I NOSTRI LABORATORI

Intrecci di Storia: Il Tratturo Interattivo

Disponibile il: DAY 1

Cesti intrecciati in vimini
  • Il Passato: La cesteria e la tessitura della lana merino erano le attività fondamentali dei pastori abruzzesi durante le lunghe soste della Transumanza. I segreti dell’intreccio venivano tramandati a voce di padre in figlio.
  • Il Futuro: Inseriamo nei telai tradizionali in legno dei filati speciali conduttivi e dei microcontrollori Arduino a basso consumo energetico .
  • Cosa farai: Guidato da un maestro artigiano e da un interaction designer, imparerai le basi della tessitura a mano. Creerai un piccolo pezzo di tessuto “smart” che, se toccato o sfiorato, invierà segnali wireless capaci di cambiare il colore delle luci LED sul palco del festival. Un vero e proprio ponte tattile tra artigianato e programmazione.

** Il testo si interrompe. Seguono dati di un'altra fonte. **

lemma finite_compositions: "finite (compositions w p)"
  by (rule finite_subset[OF _ finite_lists_bounded_sum[of p w]])
    (auto simp: compositions_def pos_lists_def)

lemma finite_admissible_weight: "finite (admissible_weight w d)"
  by (rule finite_subset[OF _ finite_lists_bounded_sum[of d w]])
    (auto simp: admissible_weight_def admissible_def pos_lists_def)

lemma dec_tuples_le_0 [simp]: "dec_tuples_le m 0 = {[]}"
  by (auto simp: dec_tuples_le_def)

lemma dec_tuples_le_0_Suc: "dec_tuples_le 0 (Suc q) = {}"
  by (auto simp: dec_tuples_le_def length_Suc_conv)

lemma dec_tuples_Suc:
  "dec_tuples (Suc p) = {l. l \<noteq> [] \<and> hd l \<in> {1..} \<and> tl l \<in> dec_tuples_le (hd l - 1) p}"
  by (rule set_eqI, case_tac x) (auto simp: dec_tuples_def dec_tuples_le_def)

lemma dec_tuples_le_Suc:
  "dec_tuples_le m (Suc p) = {l. l \<noteq> [] \<and> hd l \<in> {1..m} \<and> tl l \<in> dec_tuples_le (hd l - 1) p}"
  by (rule set_eqI, case_tac x) (auto simp: dec_tuples_le_def)

lemma finite_dec_tuples_le: "finite (dec_tuples_le m p)"
proof (rule finite_subset)
  show "dec_tuples_le m p \<subseteq> {ns. set ns \<subseteq> {1..m} \<and> length ns = p}"
    by (auto simp: dec_tuples_le_def)
qed (rule finite_lists_length_eq, simp)

lemma sum_dec_tuples_le_Suc_split:
  "(\<Sum>ns\<in>dec_tuples_le (Suc m) (Suc q). F ns)
     = (\<Sum>ns\<in>dec_tuples_le m (Suc q). F ns) + (\<Sum>ms\<in>dec_tuples_le m q. F (Suc m # ms))"
proof -
  have "(\<Sum>ns\<in>dec_tuples_le (Suc m) (Suc q). F ns)
      = (\<Sum>l\<in>insert (Suc m) {1..m}. \<Sum>ms\<in>dec_tuples_le (l - 1) q. F (l # ms))"
    unfolding dec_tuples_le_Suc by (subst sum_Cons_set) (auto simp: finite_dec_tuples_le atLeastAtMostSuc_conv)
  also have "\<dots> = (\<Sum>ms\<in>dec_tuples_le m q. F (Suc m # ms))
                 + (\<Sum>l\<in>{1..m}. \<Sum>ms\<in>dec_tuples_le (l - 1) q. F (l # ms))"
    by (subst sum.insert) auto
  also have "(\<Sum>l\<in>{1..m}. \<Sum>ms\<in>dec_tuples_le (l - 1) q. F (l # ms))
           = (\<Sum>ns\<in>dec_tuples_le m (Suc q). F ns)"
    unfolding dec_tuples_le_Suc by (rule sum_Cons_set[symmetric]) (auto simp: finite_dec_tuples_le)
  finally show ?thesis by (simp add: add.commute)
qed
text \<open>
  p and c stand for row T - 1 of P and row j of C; the assumption equates, for every frequency
  vector f and frequency n, the coefficients of the model and of the target.
\<close>

locale row_coefficients =
  fixes \<delta> T j :: nat and p c :: "nat \<Rightarrow> real"
  assumes T_ge_2: "2 \<le> T" and row: "j \<in> {1..2*\<delta>}"
    and coefficients: "\<And>f n.
      (\<Sum>(t, i)\<in>{(t, i)\<in>{1..T} \<times> {1..2*\<delta>}.
          (int t - int T + 1) * lam_freq f i + (int t - 1) * lam_freq f j = n}. p t * c i)
      = (if int T * lam_freq f j = n then 1 else 0)"
begin

definition row_freq :: "nat \<Rightarrow> int" where
  "row_freq = lam_freq (pair_freq 1 j)"

lemma row_freq_eq: "row_freq k = (if k = j then 1 else if k = partner j then -1 else 0)"
  using row unfolding row_freq_def by (simp add: lam_freq_pair_freq)

lemma diagonal: "p T * c j = 1"
proof -
  have "{(t, i)\<in>{1..T} \<times> {1..2*\<delta>}. (int t - int T + 1) * row_freq i + (int t - 1) * row_freq j = int T}
      = {(T, j)}"
    using T_ge_2 row partner_neq[of j] by (auto simp: row_freq_eq)
  then show ?thesis
    using coefficients[of "pair_freq 1 j" "int T", folded row_freq_def] by (simp add: row_freq_eq)
qed

text \<open>The weight int T + 1 exceeds every |t - T|, which keeps every monomial except (T, i) away
  from frequency 2 T.\<close>
definition off_block_freq :: "nat \<Rightarrow> nat \<Rightarrow> int" where
  "off_block_freq i = lam_freq (\<lambda>m. pair_freq 1 j m + pair_freq (int T + 1) i m)"

lemma off_block_freq_eq:
  assumes "i \<in> {1..2*\<delta>}"
  shows "off_block_freq i k
    = row_freq k + (if k = i then int T + 1 else if k = partner i then - (int T + 1) else 0)"
  using row assms unfolding off_block_freq_def row_freq_def by (simp add: lam_freq_add lam_freq_pair_freq)

lemma off_block_resonance:
  assumes i: "i \<in> {1..2*\<delta>}" "i \<noteq> j" "i \<noteq> partner j" and t: "t \<in> {1..T}"
  shows "(int t - int T + 1) * off_block_freq i k + (int t - 1) * off_block_freq i j = 2 * int T
    \<longleftrightarrow> t = T \<and> k = i"
proof -
  define M :: int where "M = int T + 1"
  define a where "a = int t - int T"
  have a: "1 - int T \<le> a" "a \<le> 0" using t unfolding a_def by auto
  have distinct: "partner i \<noteq> j" "partner i \<noteq> partner j" "partner i \<noteq> i" "partner j \<noteq> j"
    using i row partner_partner[of i] partner_partner[of j] partner_neq[of i] partner_neq[of j] by auto
  have g: "off_block_freq i k = (if k = j then 1 else if k = partner j then -1 else 0)
      + (if k = i then M else if k = partner i then - M else 0)" for k
    unfolding M_def off_block_freq_eq[OF i(1)] row_freq_eq ..
  consider "k = i" | "k = partner i" | "k = j" | "k = partner j" | "k \<notin> {i, partner i, j, partner j}"
    by blast
  then show ?thesis
  proof cases
    case 1
    then have "(int t - int T + 1) * off_block_freq i k + (int t - 1) * off_block_freq i j - 2 * int T
        = a * (M + 1)"
      using distinct i(2,3) unfolding a_def by (simp add: g M_def algebra_simps)
    then show ?thesis using 1 unfolding a_def M_def by auto
  next
    case 2
    then have "(int t - int T + 1) * off_block_freq i k + (int t - 1) * off_block_freq i j - 2 * int T
        = a - (a + 2) * M"
      using distinct i(2,3) unfolding a_def by (simp add: g M_def algebra_simps)
    moreover have "a \<noteq> (a + 2) * M"
    proof
      assume "a = (a + 2) * M"
      then have "M dvd a" by (metis dvd_triv_right)
      moreover have "\<bar>a\<bar> < M" using a unfolding M_def by auto
      ultimately have "a = 0" using dvd_imp_le_int[of a M] by fastforce
      with \<open>a = (a + 2) * M\<close> show False unfolding M_def by simp
    qed
    ultimately show ?thesis using 2 distinct by auto
  next
    case 3
    then show ?thesis using t distinct i(2) unfolding M_def by (auto simp: g)
  next
    case 4
    then show ?thesis using t distinct i(3) T_ge_2 unfolding M_def by (auto simp: g)
  next
    case 5
    then show ?thesis using t distinct i(2,3) unfolding M_def by (auto simp: g)
  qed
qed

lemma off_block:
  assumes i: "i \<in> {1..2*\<delta>}" "i \<noteq> j" "i \<noteq> partner j"
  shows "c i = 0"
proof -
  have "{(t, k)\<in>{1..T} \<times> {1..2*\<delta>}.
      (int t - int T + 1) * off_block_freq i k + (int t - 1) * off_block_freq i j = 2 * int T} = {(T, i)}"
    using off_block_resonance[OF i] off_block_resonance[OF i, of T i] T_ge_2 i(1) by auto
  moreover have "int T * off_block_freq i j \<noteq> 2 * int T"
    using T_ge_2 row i(2) partner_neq[of j] by (simp add: off_block_freq_eq[OF i(1)] row_freq_eq)
  ultimately have "p T * c i = 0"
    using coefficients[of "\<lambda>m. pair_freq 1 j m + pair_freq (int T + 1) i m" "2 * int T",
        folded off_block_freq_def] by simp
  then show ?thesis using diagonal by auto
qed

lemma block_coefficients:
  "(\<Sum>t=1..T. \<Sum>i\<in>{j, partner j}.
      if (int t - int T + 1) * lam_freq f i + (int t - 1) * lam_freq f j = n then p t * c i else 0)
    = (if int T * lam_freq f j = n then 1 else 0)"
proof -
  let ?E = "\<lambda>t i. (int t - int T + 1) * lam_freq f i + (int t - 1) * lam_freq f j"
  have "(\<Sum>t=1..T. \<Sum>i\<in>{j, partner j}. if ?E t i = n then p t * c i else 0)
      = (\<Sum>t=1..T. \<Sum>i=1..2*\<delta>. if ?E t i = n then p t * c i else 0)"
    using row partner_in_range[OF row] off_block by (intro sum.cong refl sum.mono_neutral_left) auto
  also have "\<dots> = (\<Sum>(t, i)\<in>{1..T} \<times> {1..2*\<delta>}. if ?E t i = n then p t * c i else 0)"
    by (simp add: sum.cartesian_product)
  also have "\<dots> = (\<Sum>(t, i)\<in>{(t, i)\<in>{1..T} \<times> {1..2*\<delta>}. ?E t i = n}. p t * c i)"
    by (rule sum.mono_neutral_cong_right) (auto split: if_splits)
  also have "\<dots> = (if int T * lam_freq f j = n then 1 else 0)"
    by (rule coefficients)
  finally show ?thesis .
qed

lemma earlier_positions_vanish:
  assumes "t0 \<in> {1..<T - 1}"
  shows "p t0 = 0"
proof -
  have "(\<Sum>t=1..T. \<Sum>i\<in>{j, partner j}.
      if (int t - int T + 1) * row_freq i + (int t - 1) * row_freq j = 2 * int t0 - int T
      then p t * c i else 0)
    = (\<Sum>t=1..T. if t = t0 then p t * c j else 0)"
    using assms row partner_neq[of j] by (intro sum.cong refl) (auto simp: row_freq_eq)
  also have "\<dots> = p t0 * c j" using assms by auto
  finally have "p t0 * c j = 0"
    using block_coefficients[of "pair_freq 1 j" "2 * int t0 - int T", folded row_freq_def] assms
    by (auto simp: row_freq_eq)
  then show ?thesis using diagonal by auto
qed

lemma partner_relation: "p T * c (partner j) + (c j + c (partner j)) * p (T - 1) = 0"
proof -
  have "(\<Sum>t=1..T. \<Sum>i\<in>{j, partner j}.
      if (int t - int T + 1) * row_freq i + (int t - 1) * row_freq j = int T - 2 then p t * c i else 0)
    = (\<Sum>t=1..T. (if t = T - 1 then p t * c j else 0) + p t * c (partner j))"
    using T_ge_2 row partner_neq[of j] by (intro sum.cong refl) (auto simp: row_freq_eq)
  also have "\<dots> = p (T - 1) * c j + (\<Sum>t=1..T. p t) * c (partner j)"
    using T_ge_2 by (simp add: sum.distrib sum_distrib_right)
  also have "(\<Sum>t=1..T. p t) = p (T - 1) + p T"
  proof -
    obtain K where K: "T = Suc (Suc K)" using T_ge_2 by (metis add_2_eq_Suc le_Suc_ex)
    have "(\<Sum>t=1..K. p t) = 0" using earlier_positions_vanish unfolding K by auto
    then show ?thesis unfolding K by simp
  qed
  finally have "p (T - 1) * c j + (p (T - 1) + p T) * c (partner j) = 0"
    using block_coefficients[of "pair_freq 1 j" "int T - 2", folded row_freq_def] by (simp add: row_freq_eq)
  then show ?thesis by (simp add: algebra_simps)
qed

end

lemma row_coefficients_of_loss_eq_0:
  assumes loss: "loss \<delta> H Tmax A B P = 0" and T: "T \<in> {2..Tmax}" and j: "j \<in> {1..2*\<delta>}"
  shows "row_coefficients \<delta> T j (P (T - 1)) (Cmat H A B j)"
proof
  show "2 \<le> T" "j \<in> {1..2*\<delta>}" using T j by auto
next
  fix f n
  define E where "E = (\<lambda>(t, i). (int t - int T + 1) * lam_freq f i + (int t - 1) * lam_freq f j)"
  define c where "c = (\<lambda>(t, i). P (T - 1) t * Cmat H A B j i)"
  have "(\<Sum>k\<in>{k\<in>{1..T} \<times> {1..2*\<delta>}. E k = n}. c k) = (if int T * lam_freq f j = n then 1 else 0)"
  proof (rule coeffs_eq_if_eq_at_unity_roots)
    fix N r :: nat
    define \<mu> where "\<mu> = (\<lambda>m. unity_root N (int r * f m))"
    have "\<mu> \<in> torus \<delta>" by (simp add: \<mu>_def torus_def unity_root_def)
    then have "model \<delta> H A B P \<mu> T j = evec \<mu> (T + 1) j"
      by (rule model_eq_evec_on_torus[OF loss T _ j])
    then show "(\<Sum>k\<in>{1..T} \<times> {1..2*\<delta>}. of_real (c k) * unity_root N (int r * E k))
        = unity_root N (int r * (int T * lam_freq f j))"
      using model_at_unity_root_point[of T \<delta> H A B P N r f j] T
      unfolding \<mu>_def E_def c_def evec_def lam_unity_root_point
      by (simp add: unity_root_power case_prod_unfold mult_ac)
  qed simp
  moreover have "{k\<in>{1..T} \<times> {1..2*\<delta>}. E k = n}
      = {(t, i)\<in>{1..T} \<times> {1..2*\<delta>}. (int t - int T + 1) * lam_freq f i + (int t - 1) * lam_freq f j = n}"
    unfolding E_def by auto
  ultimately show "(\<Sum>(t, i)\<in>{(t, i)\<in>{1..T} \<times> {1..2*\<delta>}.
        (int t - int T + 1) * lam_freq f i + (int t - 1) * lam_freq f j = n}. P (T - 1) t * Cmat H A B j i)
      = (if int T * lam_freq f j = n then 1 else 0)"
    unfolding c_def by simp
qed
(* Let $q$ be a query program, $P$ a partial model, $\mathcal{T}$ a theory, and $P',\mathcal{T}'$ the partial model and theory produced by the witness-generation construction. If $M\in\mathit{solutions}(P',\mathcal{T}')$, then $M\in\mathit{solutions}(P,\mathcal{T})$.
   Context: Linear systems. Fix a large finite reserve $\mathcal{X}$ of integer variables. A system of linear inequalities $\mathcal{S}$ is a finite set of inequalities $\sum_j a_{ij}x_j\le y_i$ (equations are written as pairs of inequalities). A valuation $k:\mathcal{X}\to\mathbb{Z}$ is a solution of $\mathcal{S}$ ($k\vDash\mathcal{S}$) if it satisfies all of them; $\mathcal{S}_1\vDash\mathcal{S}_2$ means every solution of $\mathcal{S}_1$ is a solution of $\mathcal{S}_2$. Models. A metamodel is a signature $\Sigma$ of unary class symbols, binary relation symbols, a unary existence symbol $\varepsilon$ and a binary equality symbol $\sim$. A (scoped) partial model $P=\langle O_P,I_P,\mathcal{S}_P\rangle$ consists of a finite object set $O_P$, a 3-valued interpretation $I_P(\sigma):O_P^{\mathrm{arity}(\sigma)}\to\{0,1,\tfrac12\}$ for each $\sigma\in\Sigma$ ($\tfrac12$ = unknown), and a scope $\mathcal{S}_P$ (a system of linear inequalities). $P$ is concrete if all values are $0$ or $1$, $I_P(\varepsilon)(o)=1$ for all $o$, $I_P(\sim)(o_1,o_2)=1$ iff $o_1=o_2$, and $\mathcal{S}_P$ has a solution. Refinement: for $\mathit{abs}:O_Q\to O_P$, $P\succcurlyeq_{\mathit{abs}}Q$ holds if for all $\sigma$ and tuples $\bar q$, $I_P(\sigma)(\mathit{abs}(\bar q))$ is $\tfrac12$ or equals $I_Q(\sigma)(\bar q)$; every $p$ with $I_P(\varepsilon)(p)=1$ has a preimage under $\mathit{abs}$; and $\mathcal{S}_Q\vDash\mathcal{S}_P$. $P\succcurlyeq Q$ if $P\succcurlyeq_{\mathit{abs}}Q$ for some $\mathit{abs}$. For a first-order predicate $\varphi$ over $\Sigma$ with free variables $v_1,\dots,v_n$ and a concrete model $M$, $M\#\varphi$ is the number of maps $Z:\{v_1,\dots,v_n\}\to O_M$ under which $\varphi$ is true in $M$. A theory $\mathcal{T}=\langle\Phi,r\rangle$ is a finite set $\Phi$ of predicates with a map $r:\Phi\to\mathcal{X}$; a concrete $M$ is compatible with it ($M\vDash\mathcal{T}$) if $\mathcal{S}_M\vDash r(\varphi)=M\#\varphi$ for all $\varphi\in\Phi$. $\mathit{solutions}(P,\mathcal{T})$ is the set of concrete models $M$ with $P\succcurlyeq M$ and $M\vDash\mathcal{T}$. Program and IPET. $q$ is a query program generated from a graph-query search plan (nested for-loops implementing extend constraints and if-statements implementing check constraints). $\mathit{BB}$ is its set of basic blocks; its weighted CFG is $\langle V,E,s,t,w,\mathit{tr}\rangle$ with edges $E\subseteq V\times V$, start/end $s,t$, weights $w:E\to\mathbb{N}$, traceability $\mathit{tr}:V\to\mathit{BB}$. $f:E\to\mathcal{X}$ assigns distinct variables to edges. $\mathcal{S}_{\mathrm{IPET}}$ contains $\sum_{e=\langle s,n\rangle}f(e)=1$, $\sum_{e=\langle n,t\rangle}f(e)=1$, flow conservation at every $n\ne s,t$, $-f(e)\le0$, and possibly further low-level flow facts. Basic block predicates. For $bb\in\mathit{BB}$, $\psi_{bb}$ is the conjunction of the atomic predicates of all for/if statements enclosing $bb$ (extend atoms without their existential quantifier; check literals as-is); $\psi_{bb}=\mathrm{true}$ if none. If $bb$ is the header of loop $\ell$, also $\psi'_{bb}=\psi_{bb}\wedge(\text{atom of }\ell)$. $\Psi$ is the set of all these predicates. Witness generation. Given $P=\langle O_P,I_P,\mathcal{S}_P\rangle$ and $\mathcal{T}=\langle\Phi,r\rangle$ (with the range of $f$ disjoint from the range of $r$ and from the variables of $\mathcal{S}_P$), extend $r$ to $r'$ on $\Phi\cup\Psi$ by assigning to each $\psi\in\Psi$ a fresh distinct variable (not in the range of $f$, of $r$, or in $\mathcal{S}_P$). $\mathcal{S}_{\mathrm{merge}}$ contains for each $bb$: $r'(\psi_{bb})+r'(\psi'_{bb})-\sum_{e=\langle n_1,n_2\rangle\in E,\mathit{tr}(n_1)=bb}f(e)=0$ if $bb$ is a loop header, else $r'(\psi_{bb})-\sum_{e=\langle n_1,n_2\rangle\in E,\mathit{tr}(n_1)=bb}f(e)=0$. Set $P'=\langle O_P,I_P,\mathcal{S}_P\cup\mathcal{S}_{\mathrm{IPET}}\cup\mathcal{S}_{\mathrm{merge}}\rangle$ and $\mathcal{T}'=\langle\Phi\cup\Psi,r'\rangle$. *)

theory Defs
  imports Main "HOL-Library.FuncSet"
begin
lemma brouwer_weighted_barycenter:
  fixes y :: "'i \<Rightarrow> 'a::euclidean_space" and p :: "'i \<Rightarrow> 'a \<Rightarrow> real"
  assumes fin: "finite I" and ne: "I \<noteq> {}"
    and cont: "\<And>i. i \<in> I \<Longrightarrow> continuous_on UNIV (p i)"
    and p_nonneg: "\<And>i z. i \<in> I \<Longrightarrow> p i z \<ge> 0"
  shows "\<exists>x. (\<Sum>i\<in>I. p i x) *\<^sub>R x = (\<Sum>i\<in>I. p i x *\<^sub>R y i)"
proof -
  define C where "C = convex hull (y ` I)"
  define S where "S z = (\<Sum>i\<in>I. p i z)" for z
  define f where "f z = (1 / (1 + S z)) *\<^sub>R (z + (\<Sum>i\<in>I. p i z *\<^sub>R y i))" for z
  have S_nonneg: "S z \<ge> 0" for z
    unfolding S_def by (simp add: sum_nonneg p_nonneg)
  have "continuous_on C S"
    unfolding S_def by (intro continuous_on_sum continuous_on_subset[OF cont]) auto
  moreover have "continuous_on C (\<lambda>z. \<Sum>i\<in>I. p i z *\<^sub>R y i)"
    by (intro continuous_on_sum continuous_on_scaleR continuous_on_const
        continuous_on_subset[OF cont]) auto
  ultimately have "continuous_on C f"
    unfolding f_def using S_nonneg
    by (intro continuous_on_scaleR continuous_on_divide continuous_on_add continuous_on_const
        continuous_on_id) (auto simp: add_nonneg_eq_0_iff)
  moreover have "f z \<in> C" if "z \<in> C" for z
  proof (cases "S z = 0")
    case True
    then have "\<forall>i\<in>I. p i z = 0" using fin p_nonneg by (simp add: S_def sum_nonneg_eq_0_iff)
    then show ?thesis using True \<open>z \<in> C\<close> by (simp add: f_def)
  next
    case False
    then have S_pos: "S z > 0" using S_nonneg[of z] by simp
    define v where "v = (\<Sum>i\<in>I. (p i z / S z) *\<^sub>R y i)"
    have "(\<Sum>i\<in>I. p i z *\<^sub>R y i) = S z *\<^sub>R v"
      using S_pos by (simp add: v_def scaleR_sum_right)
    then have "f z = (1 / (1 + S z)) *\<^sub>R z + (S z / (1 + S z)) *\<^sub>R v"
      by (simp add: f_def scaleR_add_right)
    moreover have "(\<Sum>i\<in>I. p i z / S z) = 1"
      using S_pos by (simp add: S_def flip: sum_divide_distrib)
    then have "v \<in> C" unfolding v_def C_def
      using S_pos p_nonneg by (intro convex_sum[OF fin convex_convex_hull]) (auto intro: hull_inc)
    moreover have "1 / (1 + S z) + S z / (1 + S z) = 1"
      using S_pos by (simp add: field_simps)
    ultimately show ?thesis
      using \<open>z \<in> C\<close> S_pos convexD[OF convex_convex_hull, of z "y ` I" v]
      by (simp add: C_def)
  qed
  moreover have "compact C" "convex C" "C \<noteq> {}"
    using fin ne by (auto simp: C_def finite_imp_compact_convex_hull)
  ultimately obtain x where "f x = x"
    using brouwer[of C f] by blast
  moreover have "(1 + S x) *\<^sub>R f x = x + (\<Sum>i\<in>I. p i x *\<^sub>R y i)"
    using S_nonneg[of x] by (simp add: f_def add_nonneg_eq_0_iff)
  ultimately have "(1 + S x) *\<^sub>R x = x + (\<Sum>i\<in>I. p i x *\<^sub>R y i)"
    by simp
  then show ?thesis
    by (auto simp: S_def algebra_simps)
qed

text \<open>
  Weight each point \<open>(y, w)\<close> by its violation \<open>max 0 \<langle>z - x - w, y - x\<rangle>\<close>. At a fixed point of
  the weighted barycentre map the weighted violations sum to at most \<open>0\<close> by monotonicity, so
  there is no violation.
\<close>

lemma finite_monotone_set_extension:
  fixes G :: "('a::euclidean_space \<times> 'a) set"
  assumes fin: "finite G" and ne: "G \<noteq> {}" and mono: "monotone_set G"
  shows "\<exists>x. \<forall>(y, w)\<in>G. inner (z - x - w) (x - y) \<ge> 0"
proof -
  define p where "p g x = max 0 (inner (z - x - snd g) (fst g - x))" for g x
  have "continuous_on UNIV (p g)" for g
    unfolding p_def by (intro continuous_intros)
  then obtain x where bary: "(\<Sum>g\<in>G. p g x) *\<^sub>R x = (\<Sum>g\<in>G. p g x *\<^sub>R fst g)"
    using brouwer_weighted_barycenter[OF fin ne, of p fst] by (auto simp: p_def)
  have "(\<Sum>g\<in>G. (p g x)\<^sup>2) = (\<Sum>g\<in>G. p g x * inner (z - x - snd g) (fst g - x))"
    by (intro sum.cong) (auto simp: p_def power2_eq_square max_def)
  also have "\<dots> \<le> 0"
    by (rule weighted_monotone_sum_nonpos[OF fin mono _ bary]) (simp add: p_def)
  finally have "(\<Sum>g\<in>G. (p g x)\<^sup>2) = 0"
    by (simp add: order_antisym sum_nonneg)
  then have "\<forall>g\<in>G. p g x = 0"
    using fin by (simp add: sum_nonneg_eq_0_iff)
  have "inner (z - x - w) (x - y) \<ge> 0" if "(y, w) \<in> G" for y w
  proof -
    have "max 0 (inner (z - x - w) (y - x)) = 0"
      using that \<open>\<forall>g\<in>G. p g x = 0\<close> unfolding p_def by fastforce
    then show ?thesis
      by (simp add: inner_diff_right)
  qed
  then show ?thesis
    by blast
qed
text \<open>Both sides create the vector \<open>u\<^sub>-\<^sub>2 \<one>\<close> from the vacuum.\<close>
lemma translation_agrees:
  assumes u: "u \<in> V"
  shows "Y omV 0 u = Y om 0 u"
proof -
  have uW: "u \<in> W" using u V_subset by blast
  have "Y (Y omV 0 u) (-1) vac = Y (Y om 0 u) (-1) vac"
    using sub.L_minus1_derivative[OF u sub.vac_mem, of "-1"]
      L_minus1_derivative[OF uW vac_mem, of "-1"] by simp
  then show ?thesis
    using Y_create[OF Y_closed[OF omV_mem_W uW]] Y_create[OF Y_closed[OF conformal_mem uW]] by simp
qed

lemma commutant_eq_commutant_generated:
  "commutant W Y V = commutant W Y (generated_subalgebra sc W vac Y omV)"
proof
  show "commutant W Y V \<subseteq> commutant W Y (generated_subalgebra sc W vac Y omV)"
    by (intro commutant_antimono generated_subalgebra_least V_vertex_subalgebra omV_mem)
  show "commutant W Y (generated_subalgebra sc W vac Y omV) \<subseteq> commutant W Y V"
  proof
    fix v assume v: "v \<in> commutant W Y (generated_subalgebra sc W vac Y omV)"
    then have vW: "v \<in> W" and kills: "Y omV 0 v = 0"
      using mem_generated_subalgebra by (auto simp: commutant_def)
    have "Y u n v = 0" if "u \<in> V" "n \<ge> 0" for u n
      using nonneg_modes_vanish_if_translation_kills[OF omV_mem_W _ vW translation_agrees[OF that(1)]
          kills that(2)] that(1) V_subset by blast
    then show "v \<in> commutant W Y V"
      using vW by (simp add: commutant_def)
  qed
qed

Mani nella Creta: Argilla e Stampa 3D

Disponibile il : DAY 2

Lavorazione vaso in argilla
  • Il Passato: Il borgo abruzzese di Castelli è famoso in tutto il mondo per la sua ceramica artistica fin dal Rinascimento. La modellazione dell’argilla grezza dei calanchi è una delle arti più antiche della regione.
  • Il Futuro: Utilizziamo stampanti 3D a estrusione d’argilla e software di modellazione digitale generativa, alimentati da pannelli solari portatili sul Gran Sasso.
  • Cosa farai: In questo laboratorio sporcherai le mani con la vera terra abruzzese. Prima modellerai un pezzo a mano seguendo le antiche tecniche locali; subito dopo, progetterai al computer una texture geometrica moderna che verrà stampata in tempo reale in argilla da un braccio robotico. Al termine, potrai portare a casa entrambi i manufatti.

Radici Spontanee: Botanica in AR

Disponibile il: DAY 3

Fiori di genziana
  • Il Passato: Per secoli, gli eremiti e i pastori della Majella e del Gran Sasso hanno utilizzato le erbe selvatiche d’alta quota per curare malattie, disinfettare ferite e produrre liquori e tinte naturali per i tessili e vestiti.
  • Il Futuro: Sfruttiamo la geolocalizzazione GPS, i sensori degli smartphone e la computer vision tramite un’applicazione di Realtà Aumentata (AR) creata per l’evento.
  • Cosa farai: Parteciperai a una camminata guidata nei dintorni di Campo Imperatore con un botanico esperto. Imparerai a riconoscere le piante rare (come la genziana o la stella alpina). Inquadrandole con lo smartphone, l’app del festival farà apparire sullo schermo animazioni in 3D che spiegano la struttura chimica della pianta e le antiche ricette contadine collegate a essa.

Tutti i laboratori sono gratuiti ma a numero chiuso (massimo 20 partecipanti per sessione) per garantire la sicurezza e la qualità dei materiali. L’iscrizione si effettua direttamente sul posto, presso l’Infopoint del festival, fino a 30 metri prima dell’inizio del workshop.